Dec. 7 (Bloomberg) -- New York Times Co., publisher of the namesake newspaper, said it expects fourth-quarter print advertising revenue to decline at a slowing pace, helping 2010 earnings top those last year.
Print-advertising revenue this quarter will drop by about 4 percent from the year-earlier period, the company said today in a statement. Print advertising in the third quarter decreased 5.8 percent.
Chief Executive Officer Janet Robinson said national advertising, accounting for most of the company’s ad revenue, has improved this year. Digital ad sales will gain about 10 percent this quarter, and circulation revenue will decrease 4 percent to 5 percent, the company said. Digital revenue rose 14.6 percent and circulation revenue fell 4.8 percent in the third quarter.

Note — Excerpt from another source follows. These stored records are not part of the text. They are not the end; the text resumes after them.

(* Let $M$ be a smooth compact manifold with distance $d$ induced by a Riemannian metric, and let $\omega:\Lambda\times M\to M$ be an IFS. For every $\Delta>0$ there exists $\delta>0$ such that if $\{x_0,\dots,x_n\}$ is a finite $\delta$-chain with sequence of parameters $\sigma=(\lambda_1,\dots,\lambda_n)$, then there exist an IFS $\tilde\omega:\tilde\Lambda\times M\to M$ with $d_H(\omega,\tilde\omega)<\Delta$ and a sequence $\tilde\sigma=(\tilde\lambda_1,\dots,\tilde\lambda_n)$ in $\tilde\Lambda$ such that $(\sigma,\tilde\sigma)$ is $\Delta$-compatible and $d(\tilde\omega_{\tilde\sigma_k}(x_0),x_k)<\Delta$ for $k=0,\dots,n$.
   Context: An IFS with phase space $M$ is given by a compact metric space $\Lambda$ (parameter space) and a continuous map $\omega:\Lambda\times M\to M$; write $\omega_\lambda=\omega(\lambda,\cdot)$. $d_{C^0}(f,g)=\max_x d(f(x),g(x))$ on continuous self-maps of $M$; $d_H(\omega,\tilde\omega)$ is the Hausdorff distance with respect to $d_{C^0}$ between the sets $\{\omega_\lambda:\lambda\in\Lambda\}$ and $\{\tilde\omega_\lambda:\lambda\in\tilde\Lambda\}$. A finite sequence $\{x_0,\dots,x_n\}$ is a finite $\delta$-chain with sequence of parameters $(\lambda_1,\dots,\lambda_n)$ if $d(x_k,\omega_{\lambda_k}(x_{k-1}))\le\delta$ for $k=1,\dots,n$. For a sequence $\tilde\sigma=(\tilde\lambda_1,\dots)$, $\tilde\omega_{\tilde\sigma_0}=\mathrm{id}$ and $\tilde\omega_{\tilde\sigma_k}=\tilde\omega_{\tilde\lambda_k}\circ\cdots\circ\tilde\omega_{\tilde\lambda_1}$. Sequences $\sigma=(\lambda_k)$ in $\Lambda$ and $\tilde\sigma=(\tilde\lambda_k)$ in $\tilde\Lambda$ of the same length form a $\Delta$-compatible pair if $d_{C^0}(\omega_{\lambda_k},\tilde\omega_{\tilde\lambda_k})<\Delta$ for all $k$. *)

theory Defs
  imports "HOL-Analysis.Analysis"
begin
(* Let $N\ge2$, $\sigma\in S_N$, and write $\sigma=T_{a_n}\cdots T_{a_1}$ as a product of simple transpositions. Let $\mathbf{A}_\sigma=\mathbf{T}_{a_n}\cdots\mathbf{T}_{a_1}$ be the associated $2^N\times 2^N$ matrix. Then for each $k=0,1,\dots,N$, \[ [\mathbf{A}_\sigma]_{h_k,h_k}=\operatorname{sgn}(\sigma)\prod_{j=1}^{k}\Big(\frac{1-\xi_j}{1-\xi_{\sigma(j)}}\Big)^{j-1}\prod_{j=k+1}^{N}\Big(\frac{1-\xi_j}{1-\xi_{\sigma(j)}}\Big)^{j-2}. \]
   Context: $\xi_1,\dots,\xi_N$ are complex variables different from $1$. For $l=1,\dots,N-1$, $T_l$ acts on $\sigma\in S_N$ (viewed as the word $(\sigma(1)\cdots\sigma(N))$) by $(T_l\sigma)(l)=\sigma(l+1)$, $(T_l\sigma)(l+1)=\sigma(l)$, $(T_l\sigma)(j)=\sigma(j)$ otherwise. $\mathbf{S}_{\beta\alpha}$ is the $4\times4$ matrix with rows $\big(-\tfrac{1-\xi_\beta}{1-\xi_\alpha},0,0,0\big)$, $\big(0,-\tfrac{1-\xi_\beta}{1-\xi_\alpha},\tfrac{\xi_\beta-\xi_\alpha}{1-\xi_\alpha},0\big)$, $(0,0,-1,0)$, $\big(0,0,0,-\tfrac{1-\xi_\beta}{1-\xi_\alpha}\big)$, and $\mathbf{T}_l(\alpha,\beta)=\mathbf{I}_2^{\otimes(l-1)}\otimes\mathbf{S}_{\beta\alpha}\otimes\mathbf{I}_2^{\otimes(N-l-1)}$ (Kronecker products). In the product $\mathbf{A}_\sigma=\mathbf{T}_{a_n}\cdots\mathbf{T}_{a_1}$, the factor $\mathbf{T}_{a_i}$ means $\mathbf{T}_{a_i}(\alpha,\beta)$ where, with $\sigma_{i-1}=T_{a_{i-1}}\cdots T_{a_1}$ ($\sigma_0$ the identity), $\alpha=\sigma_{i-1}(a_i)$ and $\beta=\sigma_{i-1}(a_i+1)$ (i.e., $T_{a_i}$ turns the word $(\cdots\alpha\beta\cdots)$ into $(\cdots\beta\alpha\cdots)$). (The matrix $\mathbf{A}_\sigma$ is independent of the chosen decomposition.) $h_k=2^{N-1}+\dots+2^{N-k}+1$ for $1\le k\le N$, $h_0=1$. *)

theory Defs
  imports Complex_Main "HOL-Combinatorics.Permutations"
begin

text \<open>Square matrices are represented as functions nat => nat => complex with
0-based indices; the dimension is carried explicitly where needed.\<close>

type_synonym cmat = "nat \<Rightarrow> nat \<Rightarrow> complex"

definition mmult :: "nat \<Rightarrow> cmat \<Rightarrow> cmat \<Rightarrow> cmat" where
  "mmult d A B = (\<lambda>i j. \<Sum>l<d. A i l * B l j)"

definition idm :: cmat where
  "idm = (\<lambda>i j. if i = j then 1 else 0)"

definition kron :: "nat \<Rightarrow> cmat \<Rightarrow> cmat \<Rightarrow> cmat" where
  "kron d A B = (\<lambda>i j. A (i div d) (j div d) * B (i mod d) (j mod d))"

definition I2 :: cmat where
  "I2 = (\<lambda>i j. if i = j \<and> i < 2 then 1 else 0)"

fun kpow :: "nat \<Rightarrow> cmat" where
  "kpow 0 = (\<lambda>i j. if i = 0 \<and> j = 0 then 1 else 0)"
| "kpow (Suc m) = kron 2 (kpow m) I2"

definition Smat :: "complex \<Rightarrow> complex \<Rightarrow> cmat" where
  "Smat xb xa = (\<lambda>i j.
     if i = 0 \<and> j = 0 then - (1 - xb) / (1 - xa)
     else if i = 1 \<and> j = 1 then - (1 - xb) / (1 - xa)
     else if i = 1 \<and> j = 2 then (xb - xa) / (1 - xa)
     else if i = 2 \<and> j = 2 then -1
     else if i = 3 \<and> j = 3 then - (1 - xb) / (1 - xa)
     else 0)"

definition Tmat :: "nat \<Rightarrow> (nat \<Rightarrow> complex) \<Rightarrow> nat \<Rightarrow> nat \<Rightarrow> nat \<Rightarrow> cmat" where
  "Tmat N \<xi> l \<alpha> \<beta> =
     kron (2 ^ (N - l - 1)) (kron 4 (kpow (l - 1)) (Smat (\<xi> \<beta>) (\<xi> \<alpha>))) (kpow (N - l - 1))"

definition swapw :: "nat \<Rightarrow> (nat \<Rightarrow> nat) \<Rightarrow> (nat \<Rightarrow> nat)" where
  "swapw l w = (\<lambda>j. if j = l then w (l + 1) else if j = l + 1 then w l else w j)"

fun wordof :: "(nat \<Rightarrow> nat) \<Rightarrow> nat list \<Rightarrow> (nat \<Rightarrow> nat)" where
  "wordof w [] = w"
| "wordof w (a # as) = wordof (swapw a w) as"

text \<open>The product T_{a_n} ... T_{a_1} with the factors labelled along the way,
starting from the current word w.\<close>
fun Aw :: "nat \<Rightarrow> (nat \<Rightarrow> complex) \<Rightarrow> (nat \<Rightarrow> nat) \<Rightarrow> nat list \<Rightarrow> cmat" where
  "Aw N \<xi> w [] = idm"
| "Aw N \<xi> w (a # as) = mmult (2 ^ N) (Aw N \<xi> (swapw a w) as) (Tmat N \<xi> a (w a) (w (a + 1)))"

definition Amat :: "nat \<Rightarrow> (nat \<Rightarrow> complex) \<Rightarrow> nat list \<Rightarrow> cmat" where
  "Amat N \<xi> as = Aw N \<xi> id as"

text \<open>h_k = 2^{N-1} + ... + 2^{N-k} + 1 (a 1-based index), h_0 = 1.\<close>
definition hidx :: "nat \<Rightarrow> nat \<Rightarrow> nat" where
  "hidx N k = (\<Sum>i=1..k. 2 ^ (N - i)) + 1"

end

theory Submission
  imports Defs
begin

text \<open>All factors T_l(\<alpha>,\<beta>) are upper triangular, so a diagonal entry of A_\<sigma> is the
product of the corresponding diagonal entries of the factors. In binary, the 0-based index
h_k - 1 is k ones followed by N - k zeros, so T_l picks the diagonal entry of S at the base-4
digit formed by bits l and l + 1: -(1 - \<xi>_\<beta>)/(1 - \<xi>_\<alpha>) for l \<noteq> k and -1 for l = k.
With e(j) = j - 1 for j \<le> k and e(j) = j - 2 for j > k, this is minus the ratio of the
weights \<Prod>_j (1 - \<xi>_{w(j)})^e(j) of the word w before and after the swap, so the
product telescopes to sgn \<sigma> times the weight of the identity over the weight of \<sigma>.\<close>

definition upper_triangular :: "cmat \<Rightarrow> bool" where
  "upper_triangular M \<longleftrightarrow> (\<forall>i j. j < i \<longrightarrow> M i j = 0)"

lemma upper_triangular_kron:
  assumes "upper_triangular A" "upper_triangular B" "d > 0"
  shows "upper_triangular (kron d A B)"
  unfolding upper_triangular_def kron_def
proof (intro allI impI)
  fix i j :: nat assume "j < i"
  moreover have "j div d \<le> i div d" and "d * (i div d) + i mod d = i" and "d * (j div d) + j mod d = j"
    using \<open>j < i\<close> by (simp_all add: div_le_mono)
  ultimately consider "j div d < i div d" | "j div d = i div d" "j mod d < i mod d"
    by (metis le_neq_implies_less nat_add_left_cancel_less)
  then show "A (i div d) (j div d) * B (i mod d) (j mod d) = 0"
    by cases (use assms in \<open>auto simp: upper_triangular_def\<close>)
qed

lemma upper_triangular_kpow: "upper_triangular (kpow m)"
proof (induction m)
  case (Suc m)
  have "upper_triangular I2" by (simp add: upper_triangular_def I2_def)
  with Suc show ?case by (simp add: upper_triangular_kron)
qed (simp add: upper_triangular_def)

lemma upper_triangular_Tmat: "upper_triangular (Tmat N \<xi> l \<alpha> \<beta>)"
  unfolding Tmat_def
  by (intro upper_triangular_kron upper_triangular_kpow)
    (auto simp: upper_triangular_def Smat_def)

lemma upper_triangular_mmult:
  assumes "upper_triangular A" "upper_triangular B"
  shows "upper_triangular (mmult d A B)"
  unfolding upper_triangular_def mmult_def
proof (intro allI impI sum.neutral ballI)
  fix i j l :: nat assume "j < i"
  then have "l < i \<or> j < l" by auto
  then show "A i l * B l j = 0" using assms by (auto simp: upper_triangular_def)
qed

lemma upper_triangular_Aw: "upper_triangular (Aw N \<xi> w as)"
proof (induction as arbitrary: w)
  case Nil
  show ?case by (simp add: upper_triangular_def idm_def)
qed (simp add: upper_triangular_mmult upper_triangular_Tmat)

lemma mmult_diag_upper_triangular:
  assumes "upper_triangular A" "upper_triangular B" "h < d"
  shows "mmult d A B h h = A h h * B h h"
proof -
  have "mmult d A B h h = A h h * B h h + (\<Sum>l\<in>{..<d} - {h}. A h l * B l h)"
    using assms(3) unfolding mmult_def by (subst sum.remove[of _ h]) auto
  also have "(\<Sum>l\<in>{..<d} - {h}. A h l * B l h) = 0"
  proof (intro sum.neutral ballI)
    fix l assume "l \<in> {..<d} - {h}"
    then have "l < h \<or> h < l" by auto
    then show "A h l * B l h = 0" using assms(1,2) by (auto simp: upper_triangular_def)
  qed
  finally show ?thesis by simp
qed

The print-revenue improvement and cost-cutting efforts will help operating profit excluding depreciation, amortization, severance and special items show “significant improvement” compared with last year, Robinson said in the statement.

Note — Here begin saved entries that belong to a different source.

(* The polyhedron $$\mathcal{P}^{\text{odd-cover-dir}}:=\Big\{x\in\mathbb{R}^{E}_+ : \sum_{e\in P}x_e\ge 1 \text{ for every } s\rightarrow t \text{ odd-path } P \text{ in } D\Big\}$$ is not necessarily half-integral for directed acyclic graphs $D=(V,E)$ with distinct nodes $s,t\in V$. That is, there exist a DAG $D$ and nodes $s,t$ for which $\mathcal{P}^{\text{odd-cover-dir}}$ has an extreme point with some coordinate that is not an integer multiple of $1/2$.
   Context: Paths are simple directed paths. An odd-path is a path with an odd number of edges. A polyhedron is half-integral if every coordinate of each of its extreme points is an integer multiple of $1/2$. *)

theory Defs
  imports Complex_Main
begin

definition digraph :: "'a set \<Rightarrow> ('a \<times> 'a) set \<Rightarrow> bool" where
  "digraph V E \<longleftrightarrow> finite V \<and> E \<subseteq> V \<times> V"

definition acyclic_digraph :: "'a set \<Rightarrow> ('a \<times> 'a) set \<Rightarrow> bool" where
  "acyclic_digraph V E \<longleftrightarrow> digraph V E \<and> (\<forall>v. (v, v) \<notin> E\<^sup>+)"

fun path_arcs :: "'a list \<Rightarrow> ('a \<times> 'a) list" where
  "path_arcs (u # v # vs) = (u, v) # path_arcs (v # vs)"
| "path_arcs _ = []"

definition st_path :: "('a \<times> 'a) set \<Rightarrow> 'a \<Rightarrow> 'a \<Rightarrow> 'a list \<Rightarrow> bool" where
  "st_path E s t p \<longleftrightarrow> p \<noteq> [] \<and> hd p = s \<and> last p = t \<and> distinct p
     \<and> set (path_arcs p) \<subseteq> E"

definition odd_st_path :: "('a \<times> 'a) set \<Rightarrow> 'a \<Rightarrow> 'a \<Rightarrow> 'a list \<Rightarrow> bool" where
  "odd_st_path E s t p \<longleftrightarrow> st_path E s t p \<and> odd (length (path_arcs p))"

text \<open>The polyhedron P^{odd-cover-dir} in R^E, with vectors represented as functions
  that vanish outside E.\<close>
definition odd_cover_dir :: "('a \<times> 'a) set \<Rightarrow> 'a \<Rightarrow> 'a \<Rightarrow> (('a \<times> 'a) \<Rightarrow> real) set" where
  "odd_cover_dir E s t = {x. (\<forall>e. e \<notin> E \<longrightarrow> x e = 0) \<and> (\<forall>e\<in>E. x e \<ge> 0)
     \<and> (\<forall>p. odd_st_path E s t p \<longrightarrow> (\<Sum>e\<in>set (path_arcs p). x e) \<ge> 1)}"

definition extreme_pt :: "('b \<Rightarrow> real) \<Rightarrow> ('b \<Rightarrow> real) set \<Rightarrow> bool" where
  "extreme_pt x S \<longleftrightarrow> x \<in> S \<and>
     \<not> (\<exists>y\<in>S. \<exists>z\<in>S. \<exists>u::real. 0 < u \<and> u < 1 \<and> y \<noteq> x \<and> z \<noteq> x
            \<and> x = (\<lambda>e. u * y e + (1 - u) * z e))"

definition half_integral_val :: "real \<Rightarrow> bool" where
  "half_integral_val r \<longleftrightarrow> (\<exists>k::int. r = of_int k / 2)"

end

theory Submission
  imports Defs
begin

text \<open>On the DAG with arcs 01, 02, 12, 23, 24, 25, 34, 36, 45, 46, 56 from s = 0 to t = 6, put
  1/3 on 02, 24, 46 and 2/3 on 23, 56. This point covers all six odd 0-6 paths, and its
  zero coordinates together with the five tight paths 012346, 012456, 0236, 0246, 0256
  form a linear system with a unique solution; hence it is a vertex of the polyhedron,
  and 1/3 is not a multiple of 1/2.\<close>

lemma convex_comb_eq_lower_bound:
  fixes a b c u :: real
  assumes "c \<le> a" "c \<le> b" "u * a + (1 - u) * b = c" "0 < u" "u < 1"
  shows "a = c"
proof -
  have "u * (a - c) \<ge> 0" "(1 - u) * (b - c) \<ge> 0"
    using assms by simp_all
  moreover have "u * (a - c) + (1 - u) * (b - c) = 0"
    using assms(3) by (simp add: algebra_simps)
  ultimately have "u * (a - c) = 0" by linarith
  then show ?thesis using assms(4) by simp
qed

lemma extreme_pt_odd_cover_dirI:
  assumes x: "x \<in> odd_cover_dir E s t"
    and unique: "\<And>y. y \<in> odd_cover_dir E s t \<Longrightarrow>
        (\<forall>e\<in>E. x e = 0 \<longrightarrow> y e = 0) \<Longrightarrow>
        (\<forall>p. odd_st_path E s t p \<and> sum x (set (path_arcs p)) = 1
               \<longrightarrow> sum y (set (path_arcs p)) = 1) \<Longrightarrow> y = x"
  shows "extreme_pt x (odd_cover_dir E s t)"
  unfolding extreme_pt_def
proof (intro conjI x notI)
  assume "\<exists>y\<in>odd_cover_dir E s t. \<exists>z\<in>odd_cover_dir E s t. \<exists>u::real. 0 < u \<and> u < 1 \<and>
            y \<noteq> x \<and> z \<noteq> x \<and> x = (\<lambda>e. u * y e + (1 - u) * z e)"
  then obtain y z u where y: "y \<in> odd_cover_dir E s t" and z: "z \<in> odd_cover_dir E s t"
    and u: "0 < u" "u < 1" and "y \<noteq> x" and x_eq: "x = (\<lambda>e. u * y e + (1 - u) * z e)"
    by blast
  have "\<forall>e\<in>E. x e = 0 \<longrightarrow> y e = 0"
  proof (intro ballI impI)
    fix e assume "e \<in> E" "x e = 0"
    with y z x_eq u show "y e = 0"
      using convex_comb_eq_lower_bound[of 0 "y e" "z e" u] by (auto simp: odd_cover_dir_def)
  qed
  moreover have "\<forall>p. odd_st_path E s t p \<and> sum x (set (path_arcs p)) = 1
                   \<longrightarrow> sum y (set (path_arcs p)) = 1"
  proof (intro allI impI, elim conjE)
    fix p assume p: "odd_st_path E s t p" and tight: "sum x (set (path_arcs p)) = 1"
    let ?A = "set (path_arcs p)"
    have "u * sum y ?A + (1 - u) * sum z ?A = 1"
      using tight by (simp add: x_eq sum.distrib sum_distrib_left)
    with y z p u show "sum y ?A = 1"
      using convex_comb_eq_lower_bound[of 1 "sum y ?A" "sum z ?A" u]
      by (auto simp: odd_cover_dir_def)
  qed
  ultimately have "y = x" using unique y by blast
  with \<open>y \<noteq> x\<close> show False ..
qed

lemma acyclic_digraph_if_arcs_increasing:
  fixes E :: "('a::order \<times> 'a) set"
  assumes "finite V" "E \<subseteq> V \<times> V" "\<And>a b. (a, b) \<in> E \<Longrightarrow> a < b"
  shows "acyclic_digraph V E"
proof -
  have "(a, b) \<in> E\<^sup>+ \<Longrightarrow> a < b" for a b
    by (induct rule: trancl_induct) (auto dest: assms(3) intro: less_trans)
  with assms(1,2) show ?thesis
    unfolding acyclic_digraph_def digraph_def by blast
qed

lemma not_half_integral_one_third: "\<not> half_integral_val (1/3)"
proof
  assume "half_integral_val (1/3)"
  then obtain k :: int where "1/3 = (of_int k / 2 :: real)"
    by (auto simp: half_integral_val_def)
  then have "(of_int (3 * k) :: real) = of_int 2" by simp
  then have "3 * k = 2" by (simp only: of_int_eq_iff)
  then show False by presburger
qed

definition example_arcs :: "(nat \<times> nat) set" where
  "example_arcs = {(0,1),(0,2),(1,2),(2,3),(2,4),(2,5),(3,4),(3,6),(4,5),(4,6),(5,6)}"

definition paths_to_sink :: "nat \<Rightarrow> nat list set" where
  "paths_to_sink v = (if v = 6 then {[6]} else if v = 5 then {[5,6]}
     else if v = 4 then {[4,5,6],[4,6]}
     else if v = 3 then {[3,4,5,6],[3,4,6],[3,6]}
     else if v = 2 then {[2,3,4,5,6],[2,3,4,6],[2,3,6],[2,4,5,6],[2,4,6],[2,5,6]}
     else if v = 1 then {[1,2,3,4,5,6],[1,2,3,4,6],[1,2,3,6],[1,2,4,5,6],[1,2,4,6],[1,2,5,6]}
     else if v = 0 then {[0,1,2,3,4,5,6],[0,1,2,3,4,6],[0,1,2,3,6],[0,1,2,4,5,6],[0,1,2,4,6],
                         [0,1,2,5,6],[0,2,3,4,5,6],[0,2,3,4,6],[0,2,3,6],[0,2,4,5,6],[0,2,4,6],
                         [0,2,5,6]}
     else {})"

lemma paths_to_sink_Cons:
  "(v, w) \<in> example_arcs \<Longrightarrow> p \<in> paths_to_sink w \<Longrightarrow> v # p \<in> paths_to_sink v"
  unfolding example_arcs_def
  by (elim insertE emptyE; simp add: paths_to_sink_def; elim disjE; simp)

lemma walk_in_paths_to_sink:
  "set (path_arcs (v # vs)) \<subseteq> example_arcs \<Longrightarrow> last (v # vs) = 6
     \<Longrightarrow> v # vs \<in> paths_to_sink v"
proof (induction vs arbitrary: v)
  case Nil
  then show ?case by (simp add: paths_to_sink_def)
next
  case (Cons w ws)
  then have "(v, w) \<in> example_arcs" "w # ws \<in> paths_to_sink w" by auto
  then show ?case by (rule paths_to_sink_Cons)
qed

lemma example_odd_paths:
  assumes "odd_st_path example_arcs 0 6 p"
  shows "p \<in> {[0,1,2,3,4,6], [0,1,2,4,5,6], [0,2,3,4,5,6], [0,2,3,6], [0,2,4,6], [0,2,5,6]}"
proof -
  from assms obtain vs where p: "p = 0 # vs" and "last p = 6"
    and "set (path_arcs p) \<subseteq> example_arcs"
    by (cases p) (auto simp: odd_st_path_def st_path_def)
  then have "p \<in> paths_to_sink 0" using walk_in_paths_to_sink by simp
  with assms show ?thesis
    by (simp add: paths_to_sink_def odd_st_path_def) (elim disjE; simp)
qed

definition example_point :: "nat \<times> nat \<Rightarrow> real" where
  "example_point e = (if e \<in> {(0,2), (2,4), (4,6)} then 1/3
                      else if e \<in> {(2,3), (5,6)} then 2/3 else 0)"

lemma example_point_in_odd_cover_dir: "example_point \<in> odd_cover_dir example_arcs 0 6"
  unfolding odd_cover_dir_def
proof (intro CollectI conjI allI ballI impI)
  fix e assume "e \<notin> example_arcs"
  then show "example_point e = 0" by (auto simp: example_point_def example_arcs_def)
next
  fix e show "example_point e \<ge> 0" by (simp add: example_point_def)
next
  fix p assume "odd_st_path example_arcs 0 6 p"
  then show "(\<Sum>e\<in>set (path_arcs p). example_point e) \<ge> 1"
    by (auto dest!: example_odd_paths simp: example_point_def)
qed

lemma example_tight_paths:
  "odd_st_path example_arcs 0 6 [0,1,2,3,4,6]" "odd_st_path example_arcs 0 6 [0,1,2,4,5,6]"
  "odd_st_path example_arcs 0 6 [0,2,3,6]" "odd_st_path example_arcs 0 6 [0,2,4,6]"
  "odd_st_path example_arcs 0 6 [0,2,5,6]"
  by (auto simp: odd_st_path_def st_path_def example_arcs_def)

lemma extreme_pt_example_point:
  "extreme_pt example_point (odd_cover_dir example_arcs 0 6)"
proof (rule extreme_pt_odd_cover_dirI[OF example_point_in_odd_cover_dir])
  fix y
  assume y: "y \<in> odd_cover_dir example_arcs 0 6"
    and zero: "\<forall>e\<in>example_arcs. example_point e = 0 \<longrightarrow> y e = 0"
    and tight: "\<forall>p. odd_st_path example_arcs 0 6 p \<and> sum example_point (set (path_arcs p)) = 1
                  \<longrightarrow> sum y (set (path_arcs p)) = 1"
  have zeros: "y (0,1) = 0" "y (1,2) = 0" "y (2,5) = 0" "y (3,4) = 0" "y (3,6) = 0"
      "y (4,5) = 0"
    using zero by (simp_all add: example_arcs_def example_point_def)
  have tight_path: "sum y (set (path_arcs p)) = 1"
    if "odd_st_path example_arcs 0 6 p" "sum example_point (set (path_arcs p)) = 1" for p
    using tight that by blast
  have "y (0,1) + (y (1,2) + (y (2,3) + (y (3,4) + y (4,6)))) = 1"
    "y (0,1) + (y (1,2) + (y (2,4) + (y (4,5) + y (5,6)))) = 1"
    "y (0,2) + (y (2,3) + y (3,6)) = 1"
    "y (0,2) + (y (2,4) + y (4,6)) = 1"
    "y (0,2) + (y (2,5) + y (5,6)) = 1"
    using tight_path[OF example_tight_paths(1)] tight_path[OF example_tight_paths(2)]
      tight_path[OF example_tight_paths(3)] tight_path[OF example_tight_paths(4)]
      tight_path[OF example_tight_paths(5)]
    by (simp_all add: example_point_def)
  with zeros have nonzeros: "y (0,2) = 1/3" "y (2,4) = 1/3" "y (4,6) = 1/3" "y (2,3) = 2/3"
      "y (5,6) = 2/3"
    by linarith+
  have outside: "y e = 0" if "e \<notin> example_arcs" for e
    using y that unfolding odd_cover_dir_def by blast
  show "y = example_point"
  proof
    fix e
    show "y e = example_point e"
      using zeros nonzeros outside[of e]
      by (cases "e \<in> example_arcs") (auto simp: example_arcs_def example_point_def)
  qed
qed

theorem theorem3:
  shows "\<exists>(V :: nat set) (E :: (nat \<times> nat) set) s t x.
           acyclic_digraph V E \<and> s \<in> V \<and> t \<in> V \<and> s \<noteq> t \<and>
           extreme_pt x (odd_cover_dir E s t) \<and>
           (\<exists>e\<in>E. \<not> half_integral_val (x e))"
proof -
  have "acyclic_digraph {0..6} example_arcs"
    by (rule acyclic_digraph_if_arcs_increasing) (auto simp: example_arcs_def)
  moreover have "(0, 2) \<in> example_arcs" "\<not> half_integral_val (example_point (0, 2))"
    using not_half_integral_one_third by (simp_all add: example_arcs_def example_point_def)
  ultimately show ?thesis
    using extreme_pt_example_point
    by (intro exI[of _ "{0..6}"] exI[of _ example_arcs] exI[of _ "0::nat"] exI[of _ "6::nat"]
        exI[of _ example_point]) auto
qed

end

The New York Times newspaper will begin charging consumers for access to articles on its website in the first quarter, Robinson said during a presentation at the UBS Media and Communications Conference in New York. Users will be able to read a set number of articles for free each month, and heavy users will have to pay a subscription fee. She didn’t say how many stories are free or give a price for the subscription.
The company’s Boston Globe newspaper will start a paid gateway to its site in the second half of 2011, Robinson said.
“We will begin directly charging consumers for our content,” Robinson said. “We are very prepared and our confidence is high.”
Times Co. advanced 38 cents, or 4.1 percent, to $9.76 at 4:15 p.m. in New York Stock Exchange composite trading. The stock has declined 21 percent this year.
This month, the Newspaper Association of America said advertising revenue at U.S. newspaper publishers declined at a slowing pace in the third quarter. Ad revenue dropped 5.4 percent last quarter, compared with a 28 percent slump a year earlier, the association said on its website. Print ad revenue fell 7.1 percent and online ad sales rose 11 percent.